Google has shipped event-driven webhooks for the Gemini API, eliminating polling for long-running jobs across three endpoint families: Batch (succeeded / cancelled / expired / failed), Interactions (requires_action / completed / failed / cancelled), and Video Generation (video.generated). The implementation follows the Standard Webhooks spec — HMAC-SHA256 signing for static (project-level) webhooks, asymmetric JWT (RS256) via JWKS for dynamic (per-request) webhooks, with `webhook-signature`, `webhook-id`, and `webhook-timestamp` headers. At-least-once delivery, 24-hour retry window with exponential backoff. Recommended replay-attack window: reject payloads older than five minutes.

The two configuration modes matter. *Static* webhooks are configured at project level through a WebhookService API, fire for any matching event under that project, and use a shared secret for HMAC validation. *Dynamic* webhooks override at request time with a `webhook_config` payload and use asymmetric JWT signed by Google's keys (verifiable at `https://generativelanguage.googleapis.com/.well-known/jwks.json`). Dynamic mode also supports a `user_metadata` field for routing — the metadata round-trips back in the webhook payload, so a single endpoint can fan out by tenant, user, or workflow without storing job-ID state separately. Payloads are intentionally thin: status snapshots with pointers like `output_file_uri` (Batch) or `file_id` and `video_uri` (Video), not raw outputs. Servers respond `2xx` immediately and process asynchronously to avoid retry cycles. The `webhook-id` header gives you the deduplication primitive.

For ecosystem context, this brings Gemini API up to parity-plus on event delivery. OpenAI's Batch API and Anthropic's Message Batches both run async with status that you currently *poll* for — a 24-hour batch run means polling on a schedule and burning request budget waiting for completion. Webhooks invert that: your application sleeps until Google notifies you. For video generation specifically (Veo-style workloads can run tens of seconds to minutes per request), polling is even more wasteful. The static-vs-dynamic split is well-thought-out: static for "I have one team running batch jobs, give me one secret to verify all of them," dynamic for "I'm a SaaS running multi-tenant Gemini workloads and I need each tenant's webhook to land at their isolated endpoint with their metadata attached." That's a useful capability-shape to copy if you're building anything similar.

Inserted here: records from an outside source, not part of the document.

(* Let $d_{\mathbb Z}$ be a metric on $\mathbb Z$. For every $\lambda\in\mathbb R\setminus\{0\}$, the operator $D_\lambda=D_{\mathbb Z}+\lambda X$ on $\ell^2(\mathbb Z)\otimes\mathbb C^2$ is selfadjoint with compact resolvent.
   Context: Write $\delta_n=d_{\mathbb Z}(n,n-1)$. On $\ell^2(\mathbb Z)$, $(\nabla f)_n=\frac{f_n-f_{n-1}}{i\,\delta_n}$. On $\ell^2(\mathbb Z)\otimes\mathbb C^2$, $D_{\mathbb Z}=\begin{pmatrix}0&\nabla\\ \nabla^*&0\end{pmatrix}$, and $(Xf)_n=c_nc_{n+1}\sigma_3f_n$ with $\sigma_3=\mathrm{diag}(1,-1)$, where $(c_n)_{n\in\mathbb Z}$ is a real sequence with $c_n\to+\infty$ as $|n|\to\infty$ and $c_n\delta_n\ge1$ for all $n$. *)

theory Defs
  imports "HOL-Analysis.Analysis"
begin

text \<open>Elements of l2(Z) (x) C^2 are represented as functions int => complex * complex.\<close>

type_synonym vec = "int \<Rightarrow> complex \<times> complex"

definition l2 :: "vec set" where
  "l2 = {f. (\<lambda>n. (cmod (fst (f n)))\<^sup>2 + (cmod (snd (f n)))\<^sup>2) summable_on UNIV}"

definition l2norm :: "vec \<Rightarrow> real" where
  "l2norm f = sqrt (\<Sum>\<^sub>\<infinity>n. (cmod (fst (f n)))\<^sup>2 + (cmod (snd (f n)))\<^sup>2)"

definition l2inner :: "vec \<Rightarrow> vec \<Rightarrow> complex" where
  "l2inner f g = (\<Sum>\<^sub>\<infinity>n. cnj (fst (f n)) * fst (g n) + cnj (snd (f n)) * snd (g n))"

definition vsub :: "vec \<Rightarrow> vec \<Rightarrow> vec" where
  "vsub f g = (\<lambda>n. (fst (f n) - fst (g n), snd (f n) - snd (g n)))"

definition vscale :: "complex \<Rightarrow> vec \<Rightarrow> vec" where
  "vscale z f = (\<lambda>n. (z * fst (f n), z * snd (f n)))"

definition delta :: "(int \<Rightarrow> int \<Rightarrow> real) \<Rightarrow> int \<Rightarrow> real" where
  "delta d n = d n (n - 1)"

definition grad :: "(int \<Rightarrow> int \<Rightarrow> real) \<Rightarrow> (int \<Rightarrow> complex) \<Rightarrow> int \<Rightarrow> complex" where
  "grad d f n = (f n - f (n - 1)) / (\<i> * complex_of_real (delta d n))"

definition grad_adj :: "(int \<Rightarrow> int \<Rightarrow> real) \<Rightarrow> (int \<Rightarrow> complex) \<Rightarrow> int \<Rightarrow> complex" where
  "grad_adj d g n = \<i> * (g n / complex_of_real (delta d n) - g (n + 1) / complex_of_real (delta d (n + 1)))"

text \<open>D_lambda = D_Z + lambda X acting (formally) on sequences,
  D_Z = [[0, nabla], [nabla^*, 0]], (X f)_n = c_n c_{n+1} sigma_3 f_n.\<close>
definition Dlam :: "(int \<Rightarrow> int \<Rightarrow> real) \<Rightarrow> (int \<Rightarrow> real) \<Rightarrow> real \<Rightarrow> vec \<Rightarrow> vec" where
  "Dlam d c lam f = (\<lambda>n.
     (grad d (\<lambda>m. snd (f m)) n + complex_of_real (lam * c n * c (n + 1)) * fst (f n),
      grad_adj d (\<lambda>m. fst (f m)) n - complex_of_real (lam * c n * c (n + 1)) * snd (f n)))"

definition Dlam_dom :: "(int \<Rightarrow> int \<Rightarrow> real) \<Rightarrow> (int \<Rightarrow> real) \<Rightarrow> real \<Rightarrow> vec set" where
  "Dlam_dom d c lam = {f \<in> l2. Dlam d c lam f \<in> l2}"

text \<open>Selfadjointness of a densely defined operator (Dom, A) on l2: A = A^*,
  where dom A^* = {g | exists h in l2, for all f in Dom, <Af,g> = <f,h>} and A^* g = h.\<close>
definition selfadjoint_op :: "vec set \<Rightarrow> (vec \<Rightarrow> vec) \<Rightarrow> bool" where
  "selfadjoint_op Dom A \<longleftrightarrow>
     Dom \<subseteq> l2 \<and> (\<forall>f\<in>Dom. A f \<in> l2) \<and>
     (\<forall>g\<in>l2. \<forall>e>0. \<exists>f\<in>Dom. l2norm (vsub g f) < e) \<and>
     (\<forall>g\<in>l2. (\<exists>h\<in>l2. \<forall>f\<in>Dom. l2inner (A f) g = l2inner f h) \<longleftrightarrow> g \<in> Dom) \<and>
     (\<forall>f\<in>Dom. \<forall>g\<in>Dom. l2inner (A f) g = l2inner f (A g))"

definition compact_l2op :: "(vec \<Rightarrow> vec) \<Rightarrow> bool" where
  "compact_l2op R \<longleftrightarrow> (\<forall>x :: nat \<Rightarrow> vec. (\<forall>k. x k \<in> l2) \<and> (\<exists>B. \<forall>k. l2norm (x k) \<le> B) \<longrightarrow>
      (\<exists>r u. strict_mono r \<and> u \<in> l2 \<and> (\<lambda>k. l2norm (vsub (R (x (r k))) u)) \<longlonglongrightarrow> 0))"

definition compact_resolvent :: "vec set \<Rightarrow> (vec \<Rightarrow> vec) \<Rightarrow> bool" where
  "compact_resolvent Dom A \<longleftrightarrow> (\<exists>z R.
     (\<forall>u\<in>l2. R u \<in> Dom \<and> vsub (A (R u)) (vscale z (R u)) = u) \<and>
     (\<forall>f\<in>Dom. R (vsub (A f) (vscale z f)) = f) \<and>
     compact_l2op R)"

end

theory Submission
  imports Defs
begin
lemma qpoch_inf_unroll:
  assumes "norm p < 1"
  shows "qpoch_inf x p = (1 - x) * qpoch_inf (p * x) p"
proof -
  have "(\<lambda>k. 1 - x * p ^ k) has_prod ((\<Prod>k<1. 1 - x * p ^ k) * (\<Prod>k. 1 - x * p ^ (k + 1)))"
    by (rule has_prod_ignore_initial_segment'[OF qpoch_inf_convergent_prod[OF assms]])
  moreover have "(\<Prod>k. 1 - x * p ^ (k + 1)) = qpoch_inf (p * x) p"
    unfolding qpoch_inf_def by (simp add: mult_ac)
  ultimately have "(\<lambda>k. 1 - x * p ^ k) has_prod ((1 - x) * qpoch_inf (p * x) p)"
    by simp
  then show ?thesis
    using has_prod_unique2[OF qpoch_inf_has_prod[OF assms]] by blast
qed

lemma qpoch_inf_eq_0_iff:
  assumes "norm p < 1"
  shows "qpoch_inf x p = 0 \<longleftrightarrow> (\<exists>k. x * p ^ k = 1)"
proof -
  have "0 = 1 - x * p ^ k \<longleftrightarrow> x * p ^ k = 1" for k
    by auto
  then show ?thesis
    using has_prod_eq_0_iff[OF qpoch_inf_has_prod[OF assms]] by (simp add: image_iff)
qed

lemma qpoch_inf_nome_nonzero:
  assumes "norm p < 1"
  shows "qpoch_inf p p \<noteq> 0"
proof
  assume "qpoch_inf p p = 0"
  then obtain k where "p ^ Suc k = 1"
    using qpoch_inf_eq_0_iff[OF assms] by auto
  then have "norm p ^ Suc k = 1"
    by (metis norm_one norm_power)
  moreover have "norm p ^ Suc k \<le> norm p"
    using assms by (simp add: mult_left_le power_le_one)
  ultimately show False
    using assms by simp
qed

lemma qpoch_inf_nome_0: "qpoch_inf x 0 = 1 - x"
  using qpoch_inf_unroll[of 0 x] unfolding qpoch_inf_def by simp

lemma uniform_limit_qpoch_inf:
  assumes "norm p < 1"
  shows "uniform_limit (cball 0 R) (\<lambda>N x. \<Prod>k<N. 1 - x * p ^ k) (\<lambda>x. qpoch_inf x p) sequentially"
proof -
  have "uniformly_convergent_on (cball 0 R) (\<lambda>N x. \<Prod>k<N. 1 - x * p ^ k)"
  proof (rule uniformly_convergent_on_prod')
    show "uniformly_convergent_on (cball 0 R) (\<lambda>N x. \<Sum>k<N. norm (1 - x * p ^ k - 1))"
    proof (rule Weierstrass_m_test')
      show "norm (norm (1 - x * p ^ k - 1)) \<le> R * norm p ^ k" if "x \<in> cball 0 R" for k x
        using that by (simp add: norm_mult norm_power mult_right_mono)
      show "summable (\<lambda>k. R * norm p ^ k)"
        using assms by (intro summable_mult summable_geometric) auto
    qed
    show "continuous_on (cball 0 R) (\<lambda>x. 1 - x * p ^ k)" for k
      by (intro continuous_intros)
  qed simp
  then obtain g where g: "uniform_limit (cball 0 R) (\<lambda>N x. \<Prod>k<N. 1 - x * p ^ k) g sequentially"
    by (auto simp: uniformly_convergent_on_def)
  moreover have "qpoch_inf x p = g x" if "x \<in> cball 0 R" for x
  proof -
    have "(\<lambda>N. \<Prod>k<N. 1 - x * p ^ k) \<longlonglongrightarrow> qpoch_inf x p"
      using has_prod_imp_tendsto' qpoch_inf_has_prod[OF assms] by blast
    moreover have "(\<lambda>N. \<Prod>k<N. 1 - x * p ^ k) \<longlonglongrightarrow> g x"
      using tendsto_uniform_limitI[OF g that] .
    ultimately show ?thesis
      by (rule LIMSEQ_unique)
  qed
  ultimately show ?thesis
    by (subst uniform_limit_cong'[where g = "\<lambda>N x. \<Prod>k<N. 1 - x * p ^ k" and i = g]) simp_all
qed

lemma holomorphic_on_qpoch_inf:
  assumes "norm p < 1"
  shows "(\<lambda>x. qpoch_inf x p) holomorphic_on S"
proof (rule holomorphic_on_subset[of _ UNIV])
  show "(\<lambda>x. qpoch_inf x p) holomorphic_on UNIV"
  proof (rule holomorphic_uniform_sequence)
    fix z :: complex
    have "uniform_limit (cball z 1) (\<lambda>N x. \<Prod>k<N. 1 - x * p ^ k) (\<lambda>x. qpoch_inf x p) sequentially"
      by (rule uniform_limit_on_subset[OF uniform_limit_qpoch_inf[OF assms, of "norm z + 1"]])
         (simp add: cball_subset_cball_iff)
    then show "\<exists>d>0. cball z d \<subseteq> UNIV \<and>
        uniform_limit (cball z d) (\<lambda>N x. \<Prod>k<N. 1 - x * p ^ k) (\<lambda>x. qpoch_inf x p) sequentially"
      by (intro exI[of _ 1]) auto
    show "(\<lambda>x. \<Prod>k<N. 1 - x * p ^ k) holomorphic_on UNIV" for N
      by (intro holomorphic_on_prod holomorphic_on_diff holomorphic_on_const holomorphic_on_mult holomorphic_on_ident)
  qed simp
qed simp

lemma theta_inverse:
  assumes "norm p < 1" "x \<noteq> 0"
  shows "theta (inverse x) p = - theta x p / x"
proof -
  have "theta (inverse x) p = (1 - inverse x) * qpoch_inf (p / x) p * qpoch_inf (p * x) p"
    using qpoch_inf_unroll[OF assms(1), of "inverse x"] by (simp add: theta_def divide_inverse mult_ac)
  also have "\<dots> = - ((1 - x) * qpoch_inf (p * x) p * qpoch_inf (p / x) p) / x"
    using assms(2) by (simp add: field_simps)
  also have "\<dots> = - theta x p / x"
    using qpoch_inf_unroll[OF assms(1), of x] by (simp add: theta_def)
  finally show ?thesis .
qed

lemma theta_times_nome:
  assumes "norm p < 1" "p \<noteq> 0" "x \<noteq> 0"
  shows "theta (p * x) p = - theta x p / x"
proof -
  have "p / (p * x) = inverse x" "p / inverse x = p * x"
    using assms(2) by (simp_all add: field_simps)
  then have "theta (p * x) p = theta (inverse x) p"
    unfolding theta_def by (simp only: mult.commute)
  then show ?thesis
    using theta_inverse[OF assms(1,3)] by simp
qed

lemma theta_1 [simp]:
  assumes "norm p < 1"
  shows "theta 1 p = 0"
  using qpoch_inf_unroll[OF assms, of 1] by (simp add: theta_def)

lemma theta_nome_0:
  assumes "x \<noteq> 0"
  shows "theta x 0 = 1 - x"
  using assms by (simp add: theta_def qpoch_inf_nome_0)

lemma theta_eq_0_imp_power_int:
  assumes "norm p < 1" "p \<noteq> 0" "x \<noteq> 0" "theta x p = 0"
  shows "\<exists>k::int. x = p powi k"
proof -
  obtain k where "x * p ^ k = 1 \<or> p / x * p ^ k = 1"
    using assms(4) qpoch_inf_eq_0_iff[OF assms(1)] by (auto simp: theta_def)
  then have "x = inverse (p ^ k) \<or> x = p ^ Suc k"
    using assms(2,3) by (auto simp: field_simps)
  then show ?thesis
    by (metis power_int_minus power_int_of_nat)
qed

lemma holomorphic_on_theta:
  assumes "norm p < 1" "f holomorphic_on S" "\<And>x. x \<in> S \<Longrightarrow> f x \<noteq> 0"
  shows "(\<lambda>x. theta (f x) p) holomorphic_on S"
  unfolding theta_def using assms
  by (intro holomorphic_intros holomorphic_on_compose[OF _ holomorphic_on_qpoch_inf, unfolded o_def])

lemma theta_has_field_derivative_at_1:
  assumes "norm p < 1"
  shows "((\<lambda>x. theta x p) has_field_derivative - (qpoch_inf p p)\<^sup>2) (at 1)"
proof -
  define R where "R x = qpoch_inf (p * x) p * qpoch_inf (p / x) p" for x
  have theta_eq: "(\<lambda>x. theta x p) = (\<lambda>x. (1 - x) * R x)"
    unfolding theta_def R_def by (subst qpoch_inf_unroll[OF assms]) (simp add: mult.assoc)
  have "R holomorphic_on -{0}"
    unfolding R_def
    by (intro holomorphic_intros holomorphic_on_compose[OF _ holomorphic_on_qpoch_inf[OF assms], unfolded o_def]) auto
  then have "(R has_field_derivative deriv R 1) (at 1)"
    by (intro holomorphic_derivI) auto
  then have "((\<lambda>x. (1 - x) * R x) has_field_derivative - R 1) (at 1)"
    by (rule DERIV_mult[OF DERIV_diff[OF DERIV_const DERIV_ident], THEN DERIV_cong]) simp
  moreover have "R 1 = (qpoch_inf p p)\<^sup>2"
    by (simp add: R_def power2_eq_square)
  ultimately show ?thesis
    unfolding theta_eq by simp
qed

section \<open>Functions with quasi-period \<open>p\<close>\<close>

lemma deriv_quasi_periodic_at_zero:
  fixes F :: "complex \<Rightarrow> complex"
  assumes hol: "F holomorphic_on -{0}" and qp: "\<And>z. z \<noteq> 0 \<Longrightarrow> F (p * z) = F z / z\<^sup>2"
    and "p \<noteq> 0" "z \<noteq> 0" "F z = 0"
  shows "deriv F (p * z) = deriv F z / (p * z\<^sup>2)"
proof -
  have dF: "(F has_field_derivative deriv F w) (at w)" if "w \<noteq> 0" for w
    using hol that by (intro holomorphic_derivI) auto
  have "((\<lambda>w. F (p * w)) has_field_derivative deriv F (p * z) * p) (at z)"
    using DERIV_chain2[OF dF DERIV_cmult[OF DERIV_ident]] assms by simp
  moreover have "((\<lambda>w. F w / w\<^sup>2) has_field_derivative deriv F z / z\<^sup>2) (at z)"
    by (rule DERIV_divide[OF dF[OF \<open>z \<noteq> 0\<close>] DERIV_power[OF DERIV_ident], THEN DERIV_cong])
       (use assms in \<open>simp_all add: field_simps power2_eq_square\<close>)
  then have "((\<lambda>w. F (p * w)) has_field_derivative deriv F z / z\<^sup>2) (at z)"
    by (rule has_field_derivative_transform_within_open[of _ _ _ "-{0}"]) (use assms in auto)
  ultimately have "deriv F (p * z) * p = deriv F z / z\<^sup>2"
    by (rule DERIV_unique)
  then show ?thesis
    using assms by (simp add: field_simps)
qed

lemma power_int_mult_induct:
  fixes p :: "'a :: field"
  assumes "p \<noteq> 0" "P z"
    and up: "\<And>w. P w \<Longrightarrow> P (p * w)" and down: "\<And>w. P w \<Longrightarrow> P (w / p)"
  shows "P (p powi k * z)"
proof (induction k rule: int_induct[where k = 0])
  case (step1 i)
  have "p powi (i + 1) * z = p * (p powi i * z)"
    using assms(1) by (simp add: power_int_add)
  moreover have "P (p * (p powi i * z))"
    using up[OF step1(2)] .
  ultimately show ?case
    by metis
next
  case (step2 i)
  have "p powi (i - 1) * z = p powi i * z / p"
    using assms(1) by (simp add: power_int_diff)
  moreover have "P (p powi i * z / p)"
    using down[OF step2(2)] .
  ultimately show ?case
    by metis
qed (use assms in simp)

Practical reads. If you're running Gemini Batch or video jobs and currently polling, switch — this saves API calls, reduces tail latency on completion detection, and is structurally cleaner. The 5-minute replay window plus `webhook-id` deduplication means your webhook handler needs an idempotency layer (most do already). For multi-tenant builders, dynamic webhooks with `user_metadata` is the right pattern — don't try to map static webhooks across tenants by parsing job IDs. Compare your current OpenAI / Anthropic polling overhead and decide whether it's worth pushing those providers to ship Standard Webhooks coverage too. The signal isn't "webhooks are new"; webhooks are old. The signal is that AI APIs are finally getting Standard Webhooks treatment, which means agent-and-batch infrastructure can be built with the same operational primitives as the rest of your stack.